/ CLOUD, GITHUB, IAC

Infrastructure as Code Patterns

I’ve been using a few different patterns for Infrastructure as Code (IaC) and wanted to document them.

Domains

I think about a automating deployments for infrastructure as code in domains. This helps me decide where to define parameters.

Domain Description
Human Computer Interaction (HCI) The UI that a person uses to change parameters for a deployment.
Automation Plane Tool used to take the UI parameters and execute a deployment.
Deployment Tool use to deploy resources to an environment.
Target The environment that the resources are deployed to.
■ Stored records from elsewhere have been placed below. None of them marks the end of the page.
(* Let $q$ be a power of an odd prime with $q\equiv1\pmod4$, let $k\ge3$ be a divisor of $q-1$ with $(q-1)/k$ even, and let $B$ be the subgroup of order $k$ of $\mathbb{F}_q^\times$. Then $(q,k)$ gives a $3$-design if and only if $$\sum_{\{x,y,z\}\in\binom{B}{3}}\chi\big((x-y)(y-z)(z-x)\big)=0,$$ where $\binom{B}{3}$ denotes the set of $3$-element subsets of $B$.
   Context: The group $\mathrm{PSL}(2,q)$ acts on $\mathrm{PG}(1,q)=\mathbb{F}_q\cup\{\infty\}$ by linear fractional transformations $z\mapsto (az+b)/(cz+d)$ with $ad-bc$ a nonzero square in $\mathbb{F}_q$. "$(q,k)$ gives a $3$-design" means that the $\mathrm{PSL}(2,q)$-orbit of $B$ is the block set of a $3$-$(q+1,k,\lambda)$ design for some positive integer $\lambda$. $\chi$ is the quadratic residue character: $\chi(a)=1$ if $a$ is a nonzero square in $\mathbb{F}_q$, $\chi(a)=-1$ otherwise (the summand is well defined since $\chi(-1)=1$). *)

theory Defs
  imports Main
begin

definition qchi :: "'a::field \<Rightarrow> int" where
  "qchi x = (if x = 0 then 0 else if (\<exists>y. y ^ 2 = x) then 1 else -1)"

text \<open>The projective line PG(1,q): None is the point at infinity.\<close>
type_synonym 'a pg1 = "'a option"

definition lft :: "'a::field \<Rightarrow> 'a \<Rightarrow> 'a \<Rightarrow> 'a \<Rightarrow> 'a option \<Rightarrow> 'a option" where
  "lft a b c d p = (case p of
      None \<Rightarrow> (if c = 0 then None else Some (a / c))
    | Some z \<Rightarrow> (if c * z + d = 0 then None else Some ((a * z + b) / (c * z + d))))"

definition psl_maps :: "('a::field option \<Rightarrow> 'a option) set" where
  "psl_maps = {lft a b c d | a b c d. \<exists>e. e \<noteq> 0 \<and> a * d - b * c = e ^ 2}"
The deploymnent domain usually has an orchestration configuration which uses resuable components to deploy resources. For example it could be a orchestration arm template that calls child templates.

Tools

Tool HCI Automation Plane Orchestration Modules Target
GitHub UI X        
GitHub Actions   X      
Azure DevOps   X      
Bamboo   X      
shell script   X X X  
shell script ./iac/orchestration.sh     X    
shell script ./script/common.sh       X  
Azure CLI         X
Arm Templates     X X  
Terraform     X X  
bicept     X X  

Example - GitHub Actions with Azure CLI

I use this as my starting point but I’m starting to look more at bicept.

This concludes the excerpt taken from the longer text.